_Exercise goal_
Return the run of lines below that opens with the line containing "sets do.\<close>" and closes with the line containing "using assms(1) by (simp", keeping each one exact.
*** Records provided Section Begins ***
definition K2 :: "real \<Rightarrow> nat \<Rightarrow> real \<Rightarrow> real \<Rightarrow> real" where
  "K2 KPD NPD FF nCPC = pi * real NPD * nCPC^2 / (4 * FF * KPD^2)"

definition D2 :: "real \<Rightarrow> nat \<Rightarrow> real \<Rightarrow> real \<Rightarrow> real" where
  "D2 KPD NPD FF B = (1 / (KPD * B)) * sqrt (real NPD / FF)"

definition D1 :: "real \<Rightarrow> nat \<Rightarrow> real \<Rightarrow> real \<Rightarrow> nat \<Rightarrow> real \<Rightarrow> real \<Rightarrow> real" where
  "D1 KPD NPD FF nCPC Ntier B FOV = D2 KPD NPD FF B * (nCPC / sin (thetaCPC Ntier FOV))"

definition Prx :: "real \<Rightarrow> real \<Rightarrow> real \<Rightarrow> nat \<Rightarrow> real \<Rightarrow> real \<Rightarrow> nat \<Rightarrow> real \<Rightarrow> real \<Rightarrow> real" where
  "Prx Pt w KPD NPD FF nCPC Ntier B FOV =
     FF * Pt * (1 - exp (- ((D1 KPD NPD FF nCPC Ntier B FOV)^2 / (2 * w^2))))"

definition Rate :: "real \<Rightarrow> real \<Rightarrow> real \<Rightarrow> real \<Rightarrow> real \<Rightarrow> real \<Rightarrow> nat \<Rightarrow> real \<Rightarrow> real \<Rightarrow> nat
                    \<Rightarrow> real \<Rightarrow> real \<Rightarrow> real" where
  "Rate RPD Gam N0 Pt w KPD NPD FF nCPC Ntier B FOV =
     B * log 2 (1 + (RPD * Prx Pt w KPD NPD FF nCPC Ntier B FOV)^2 / (Gam * N0 * B))"

definition L_ADR :: "real \<Rightarrow> nat \<Rightarrow> real \<Rightarrow> real \<Rightarrow> nat \<Rightarrow> real \<Rightarrow> real \<Rightarrow> real" where
  "L_ADR KPD NPD FF nCPC Ntier B FOV =
     (let \<theta> = thetaCPC Ntier FOV in
      (K1 KPD NPD FF / B) * ((nCPC + sin \<theta>) / (sin \<theta> * tan \<theta>)))"

definition A_ADR :: "real \<Rightarrow> nat \<Rightarrow> real \<Rightarrow> real \<Rightarrow> nat \<Rightarrow> real \<Rightarrow> real \<Rightarrow> real" where
  "A_ADR KPD NPD FF nCPC Ntier B FOV =
     (let \<theta> = thetaCPC Ntier FOV in
      (K2 KPD NPD FF nCPC / (B^2 * (sin \<theta>)^2)) * tierSum Ntier \<theta>)"

definition fL :: "real \<Rightarrow> nat \<Rightarrow> real \<Rightarrow> real \<Rightarrow> nat \<Rightarrow> real \<Rightarrow> real \<Rightarrow> real" where
  "fL KPD NPD FF nCPC Ntier Lmax FOV =
     (let \<theta> = thetaCPC Ntier FOV in
      (K1 KPD NPD FF / Lmax) * ((nCPC + sin \<theta>) / (sin \<theta> * tan \<theta>)))"

definition fA :: "real \<Rightarrow> nat \<Rightarrow> real \<Rightarrow> real \<Rightarrow> nat \<Rightarrow> real \<Rightarrow> real \<Rightarrow> real" where
  "fA KPD NPD FF nCPC Ntier Amax FOV =
     (let \<theta> = thetaCPC Ntier FOV in
      (1 / sin \<theta>) * sqrt ((K2 KPD NPD FF nCPC / Amax) * tierSum Ntier \<theta>))"

definition genInv :: "(real \<Rightarrow> real) \<Rightarrow> real \<Rightarrow> ereal" where
  "genInv f B = (if {FOV \<in> {0<..pi/2}. f FOV \<le> B} = {} then \<infinity>
                 else ereal (Inf {FOV \<in> {0<..pi/2}. f FOV \<le> B}))"

definition fFOV :: "real \<Rightarrow> nat \<Rightarrow> real \<Rightarrow> real \<Rightarrow> nat \<Rightarrow> real \<Rightarrow> real \<Rightarrow> real \<Rightarrow> real \<Rightarrow> ereal" where
  "fFOV KPD NPD FF nCPC Ntier FOVmin Lmax Amax B =
     max (ereal FOVmin)
         (max (genInv (fL KPD NPD FF nCPC Ntier Lmax) B)
              (genInv (fA KPD NPD FF nCPC Ntier Amax) B))"

end

theory Submission imports Defs begin

text \<open>Both dimension constraints can be solved for the bandwidth: L_ADR is at most Lmax iff
  fL FOV is at most B, and likewise for the area. Since theta = FOV/(2 Ntier + 1) stays in (0, pi/6],
  where sin increases and cot and the tier sum decrease, fL and fA are continuous and antitone in FOV.
  For such a function the sublevel set at level B is an interval closed on the left, so
  genInv f B \<le> FOV holds exactly when f FOV \<le> B; the set S is therefore cut out by the single
  condition FOV \<ge> fFOV B, and the two optimisation problems coincide because their feasible
  sets do.\<close>

lemma isCont_le_of_right_le:
  fixes f :: "real \<Rightarrow> real"
  assumes "isCont f x" "x < b" "\<And>z. x < z \<Longrightarrow> z \<le> b \<Longrightarrow> f z \<le> B"
  shows "f x \<le> B"
proof -
  have "(f \<longlongrightarrow> f x) (at_right x)"
    using assms(1) by (simp add: isCont_def filterlim_at_split)
  moreover have "eventually (\<lambda>z. f z \<le> B) (at_right x)"
    unfolding eventually_at_right_field using assms(2,3) by (intro exI[of _ b]) auto
  ultimately show ?thesis by (rule tendsto_upperbound) simp
qed

lemma genInv_le_iff:
  fixes f :: "real \<Rightarrow> real"
  assumes anti: "\<And>x y. 0 < x \<Longrightarrow> x \<le> y \<Longrightarrow> y \<le> pi/2 \<Longrightarrow> f y \<le> f x"
    and cont: "\<And>x. 0 < x \<Longrightarrow> x \<le> pi/2 \<Longrightarrow> isCont f x"
    and x: "0 < x" "x \<le> pi/2"
  shows "genInv f B \<le> ereal x \<longleftrightarrow> f x \<le> B"
proof -
  define M where "M = {FOV \<in> {0<..pi/2}. f FOV \<le> B}"
  have bdd: "bdd_below M" unfolding M_def by (rule bdd_belowI[of _ 0]) auto
  have genInv_M: "genInv f B = (if M = {} then \<infinity> else ereal (Inf M))"
    unfolding genInv_def M_def by simp
  show ?thesis
  proof
    assume "f x \<le> B"
    then have "x \<in> M" using x unfolding M_def by auto
    then show "genInv f B \<le> ereal x" using genInv_M cInf_lower[OF _ bdd] by auto
  next
    assume "genInv f B \<le> ereal x"
    then have ne: "M \<noteq> {}" and Inf_le: "Inf M \<le> x" using genInv_M by (auto split: if_splits)
    have right: "f z \<le> B" if "x < z" "z \<le> pi/2" for z
    proof -
      have "Inf M < z" using Inf_le that(1) by linarith
      then obtain y where "y \<in> M" "y < z" using cInf_less_iff[OF ne bdd] by auto
      then show ?thesis using anti[of y z] that unfolding M_def by auto
    qed
    show "f x \<le> B"
    proof (cases "x = pi/2")
      case True
      obtain y where y: "y \<in> M" using ne by auto
      then have "0 < y" "y \<le> x" "f y \<le> B" using True unfolding M_def by auto
      then show ?thesis using anti[of y x] x by linarith
    next
      case False
      with x have "x < pi/2" by simp
      then show ?thesis using isCont_le_of_right_le[OF cont[OF x]] right by blast
    qed
  qed
qed

lemma thetaCPC_mono: "x \<le> y \<Longrightarrow> thetaCPC N x \<le> thetaCPC N y"
  by (simp add: thetaCPC_def divide_right_mono)

lemma thetaCPC_bounds:
  assumes "Ntier \<ge> 1" "0 < x" "x \<le> pi/2"
  shows "0 < thetaCPC Ntier x" and "thetaCPC Ntier x \<le> pi/6"
    and "\<And>i. i \<le> Ntier \<Longrightarrow> 2 * real i * thetaCPC Ntier x < pi/2"
proof -
  show pos: "0 < thetaCPC Ntier x" using assms by (simp add: thetaCPC_def)
  have "x / (2 * real Ntier + 1) \<le> x / 3" using assms by (intro divide_left_mono) auto
  then show "thetaCPC Ntier x \<le> pi/6" using assms unfolding thetaCPC_def by linarith
  fix i assume "i \<le> Ntier"
  then have "2 * real i * thetaCPC Ntier x \<le> 2 * real Ntier * thetaCPC Ntier x"
    using pos by (intro mult_right_mono) auto
  also have "\<dots> < (2 * real Ntier + 1) * thetaCPC Ntier x"
    using pos by (intro mult_strict_right_mono) auto
  also have "\<dots> = x" by (simp add: thetaCPC_def)
  finally show "2 * real i * thetaCPC Ntier x < pi/2" using assms by simp
qed

lemma sin_thetaCPC_pos:
  assumes "Ntier \<ge> 1" "0 < x" "x \<le> pi/2"
  shows "0 < sin (thetaCPC Ntier x)"
  using thetaCPC_bounds[OF assms] by (intro sin_gt_zero) auto

lemma tierSum_ge_1:
  assumes "Ntier \<ge> 1" "0 < x" "x \<le> pi/2"
  shows "1 \<le> tierSum Ntier (thetaCPC Ntier x)"
proof -
  have "0 \<le> 6 * real i * cos (2 * real i * thetaCPC Ntier x)" if "i \<in> {1..Ntier}" for i
  proof -
    have "0 \<le> 2 * real i * thetaCPC Ntier x" "2 * real i * thetaCPC Ntier x < pi/2"
      using thetaCPC_bounds[OF assms] that by auto
    then show ?thesis by (intro mult_nonneg_nonneg cos_ge_zero) auto
  qed
  then have "0 \<le> (\<Sum>i=1..Ntier. 6 * real i * cos (2 * real i * thetaCPC Ntier x))"
    by (rule sum_nonneg)
  then show ?thesis unfolding tierSum_def by simp
qed

lemma tierSum_antimono:
  assumes "Ntier \<ge> 1" "0 < x" "x \<le> y" "y \<le> pi/2"
  shows "tierSum Ntier (thetaCPC Ntier y) \<le> tierSum Ntier (thetaCPC Ntier x)"
proof -
  have "cos (2 * real i * thetaCPC Ntier y) \<le> cos (2 * real i * thetaCPC Ntier x)"
    if "i \<in> {1..Ntier}" for i
  proof (rule cos_monotone_0_pi_le)
    show "0 \<le> 2 * real i * thetaCPC Ntier x"
      using thetaCPC_bounds(1)[OF assms(1,2)] assms by simp
    show "2 * real i * thetaCPC Ntier x \<le> 2 * real i * thetaCPC Ntier y"
      using thetaCPC_mono[OF assms(3)] by (simp add: mult_left_mono)
    show "2 * real i * thetaCPC Ntier y \<le> pi"
      using thetaCPC_bounds(3)[OF assms(1) _ assms(4)] assms that by force
  qed
  then show ?thesis unfolding tierSum_def by (auto intro!: sum_mono mult_left_mono)
qed

lemma cot_ratio_eq:
  assumes "0 < sin t" "0 < cos t"
  shows "(n + sin t) / (sin t * tan t) = n * cos t / (sin t)\<^sup>2 + cos t / sin t"
  using assms by (simp add: tan_def power2_eq_square divide_simps) (simp add: algebra_simps)

lemma cot_ratio_antimono:
  fixes n t u :: real
  assumes "0 \<le> n" "0 < t" "t \<le> u" "u < pi/2"
  shows "(n + sin u) / (sin u * tan u) \<le> (n + sin t) / (sin t * tan t)"
proof -
  have sin: "0 < sin t" "sin t \<le> sin u" using assms by (auto intro!: sin_gt_zero sin_monotone_2pi_le)
  have cos: "0 < cos u" "cos u \<le> cos t" using assms by (auto intro!: cos_gt_zero cos_monotone_0_pi_le)
  have "cos u / (sin u)\<^sup>2 \<le> cos t / (sin t)\<^sup>2"
    using sin cos by (intro frac_le power_mono) auto
  moreover have "cos u / sin u \<le> cos t / sin t" using sin cos by (intro frac_le) auto
  ultimately have "n * (cos u / (sin u)\<^sup>2) + cos u / sin u \<le> n * (cos t / (sin t)\<^sup>2) + cos t / sin t"
    using assms(1) by (intro add_mono mult_left_mono)
  moreover have "0 < cos t" using cos by linarith
  ultimately show ?thesis using sin cos by (simp add: cot_ratio_eq times_divide_eq_right)
qed

lemma fL_antimono:
  assumes "Ntier \<ge> 1" "0 < x" "x \<le> y" "y \<le> pi/2" "0 < K1 KPD NPD FF" "0 < Lmax" "0 \<le> nCPC"
  shows "fL KPD NPD FF nCPC Ntier Lmax y \<le> fL KPD NPD FF nCPC Ntier Lmax x"
proof -
  have "thetaCPC Ntier y < pi/2" using thetaCPC_bounds(2)[OF assms(1) _ assms(4)] assms by force
  then show ?thesis
    unfolding fL_def Let_def using assms thetaCPC_bounds(1)[OF assms(1,2)]
    by (intro mult_left_mono cot_ratio_antimono thetaCPC_mono) auto
qed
*** Records provided Section Ends ***
_Your solution_
  sets do.\<close>

lemma isCont_le_of_right_le:
  fixes f :: "real \<Rightarrow> real"
  assumes "isCont f x" "x < b" "\<And>z. x < z \<Longrightarrow> z \<le> b \<Longrightarrow> f z \<le> B"
  shows "f x \<le> B"
proof -
  have "(f \<longlongrightarrow> f x) (at_right x)"
    using assms(1) by (simp add: isCont_def filterlim_at_split)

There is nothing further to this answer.